(* With the notation of the context, for every $\rho\in(-1,1)$, $$e^{-\frac{\eta^2T}{2}}\le\frac{1+\frac{w(\rho)}{2}}{e^{\frac{\eta^2T}{2}}+\frac{w(\rho)}{2}}\le\frac{D}{p}\le1,$$ $$1\le\frac{G}{p}\le1+\frac{w(\rho)e_2}{2\eta^2T+\eta^2Tw(\rho)}\le1+\frac{e_2}{\eta^2T},$$ where $e_2=e^{2\eta^2T}-2(1+\eta^2T)e^{\frac{\eta^2T}{2}}+\eta^2T+1$.
   Context: Fix $T>0$, $r,\nu,\mu\in\mathbb R$, $\eta>0$, $\sigma>0$, $\rho\in(-1,1)$, $s_0>0$, $\lambda>0$, $\gamma>0$; $N$ is a standard Gaussian random variable; $W$ is the Lambert function (inverse of $x\in(-1,\infty)\mapsto xe^x$). Let $\theta(\rho)=\lambda\gamma(1-\rho^2)$, $w(\rho)=W\left(s_0\eta^2Te^{(\nu-\eta\rho\frac{\mu-r}{\sigma}-\frac{\eta^2}{2})T}\theta(\rho)\right)$, $$D=\frac{\lambda e^{-rT}}{\theta(\rho)\eta^2T}w(\rho)\left(1+\frac{w(\rho)}2\right),\qquad G=\frac{\lambda e^{-rT}}{\theta(\rho)}\frac{w(\rho)}{\eta^2T}\left(e^{\frac{\eta^2}{2}T}+\frac{w(\rho)}2\right),$$ and let $p$ be the asking reservation price of $\lambda$ units of the non-traded stock, $$p=-\frac{e^{-rT}}{\gamma(1-\rho^2)}\ln\mathbb E\exp\left(-\theta(\rho)s_0e^{(\nu-\eta\rho\frac{\mu-r}{\sigma}-\frac{\eta^2}{2})T}e^{\eta\sqrt TN}\right).$$ *)

theory Defs
  imports "HOL-Probability.Probability"
begin

definition lambertW :: "real \<Rightarrow> real" where
  "lambertW y = (THE x. -1 < x \<and> x * exp x = y)"

end

theory Submission
  imports Defs
begin

(* Let X be standard normal, a = theta s0 m and s = eta sqrt T, so that the price is p = K L with
   L = - ln E exp (- a e^(s X)) and K = e^(-r T) / (gamma (1 - rho^2)), while D and G are K times
   explicit functions of w = W (a s^2).  Shifting the Gaussian by - w / s (Cameron-Martin) and using
   w e^w = a s^2 gives, with t = w / s^2 and Y = e^(s X) - s X - 1 >= 0,
     E exp (- a e^(s X)) = exp (- w^2 / (2 s^2) - t) * E exp (- t Y).
   Jensen's inequality, exp (- t Y) <= 1 and exp (- u) <= 1 - u + u^2 / 2 (u >= 0) squeeze
   ln E exp (- t Y) between - t E Y and min (0, - t E Y + t^2 E Y^2 / 2), where E Y = e^(s^2/2) - 1
   and E Y^2 = e2.  This yields D <= p <= G <= p + delta D with delta = w e2 / (2 s^2 + s^2 w),
   and the ratio bounds follow by elementary algebra. *)

lemma xexp_strict_mono_on: "strict_mono_on {-1<..} (\<lambda>x::real. x * exp x)"
proof (rule strict_mono_onI)
  fix x y :: real assume "x \<in> {-1<..}" "y \<in> {-1<..}" "x < y"
  show "x * exp x < y * exp y"
  proof (rule DERIV_pos_imp_increasing[OF \<open>x < y\<close>])
    fix z assume "x \<le> z" "z \<le> y"
    have "((\<lambda>x. x * exp x) has_real_derivative (1 + z) * exp z) (at z)"
      by (auto intro!: derivative_eq_intros simp: algebra_simps)
    moreover have "0 < (1 + z) * exp z"
      using \<open>x \<in> {-1<..}\<close> \<open>x \<le> z\<close> by simp
    ultimately show "\<exists>d. ((\<lambda>x. x * exp x) has_real_derivative d) (at z) \<and> 0 < d"
      by blast
  qed
qed

lemma lambertW_xexp:
  fixes x :: real
  assumes "-1 < x"
  shows "lambertW (x * exp x) = x"
  unfolding lambertW_def
proof (rule the_equality)
  fix y assume y: "-1 < y \<and> y * exp y = x * exp x"
  show "y = x"
    using strict_mono_on_eqD[OF xexp_strict_mono_on y[THEN conjunct2]] y assms by simp
qed (use assms in simp)

lemma lambertW_pos:
  fixes y :: real
  assumes "0 < y"
  shows "0 < lambertW y" and "lambertW y * exp (lambertW y) = y"
proof -
  have "\<exists>x. 0 \<le> x \<and> x \<le> y \<and> x * exp x = y"
  proof (rule IVT)
    show "0 * exp 0 \<le> y" "0 \<le> y" using assms by simp_all
    show "y \<le> y * exp y" using assms by simp
    show "\<forall>x. 0 \<le> x \<and> x \<le> y \<longrightarrow> isCont (\<lambda>x. x * exp x) x" by simp
  qed
  then obtain x where "0 \<le> x" "x * exp x = y" by blast
  moreover have "lambertW y = x"
    using lambertW_xexp[of x] \<open>0 \<le> x\<close> \<open>x * exp x = y\<close> by simp
  ultimately show "0 < lambertW y" and "lambertW y * exp (lambertW y) = y"
    using assms by (auto simp: order_le_less)
qed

━━━━━━━━━━━━━━━━━━━━

● WHAT IS NEEDED
Proceeding from the line containing "theory Defs" through the line containing "and the ratio", transcribe the lines above exactly, both end lines included.

● RESULT OF THIS EXERCISE
theory Defs
  imports "HOL-Probability.Probability"
begin

definition lambertW :: "real \<Rightarrow> real" where
  "lambertW y = (THE x. -1 < x \<and> x * exp x = y)"

end

theory Submission
  imports Defs
begin

(* Let X be standard normal, a = theta s0 m and s = eta sqrt T, so that the price is p = K L with
   L = - ln E exp (- a e^(s X)) and K = e^(-r T) / (gamma (1 - rho^2)), while D and G are K times
   explicit functions of w = W (a s^2).  Shifting the Gaussian by - w / s (Cameron-Martin) and using
   w e^w = a s^2 gives, with t = w / s^2 and Y = e^(s X) - s X - 1 >= 0,
     E exp (- a e^(s X)) = exp (- w^2 / (2 s^2) - t) * E exp (- t Y).
   Jensen's inequality, exp (- t Y) <= 1 and exp (- u) <= 1 - u + u^2 / 2 (u >= 0) squeeze
   ln E exp (- t Y) between - t E Y and min (0, - t E Y + t^2 E Y^2 / 2), where E Y = e^(s^2/2) - 1
   and E Y^2 = e2.  This yields D <= p <= G <= p + delta D with delta = w e2 / (2 s^2 + s^2 w),
   and the ratio bounds follow by elementary algebra. *)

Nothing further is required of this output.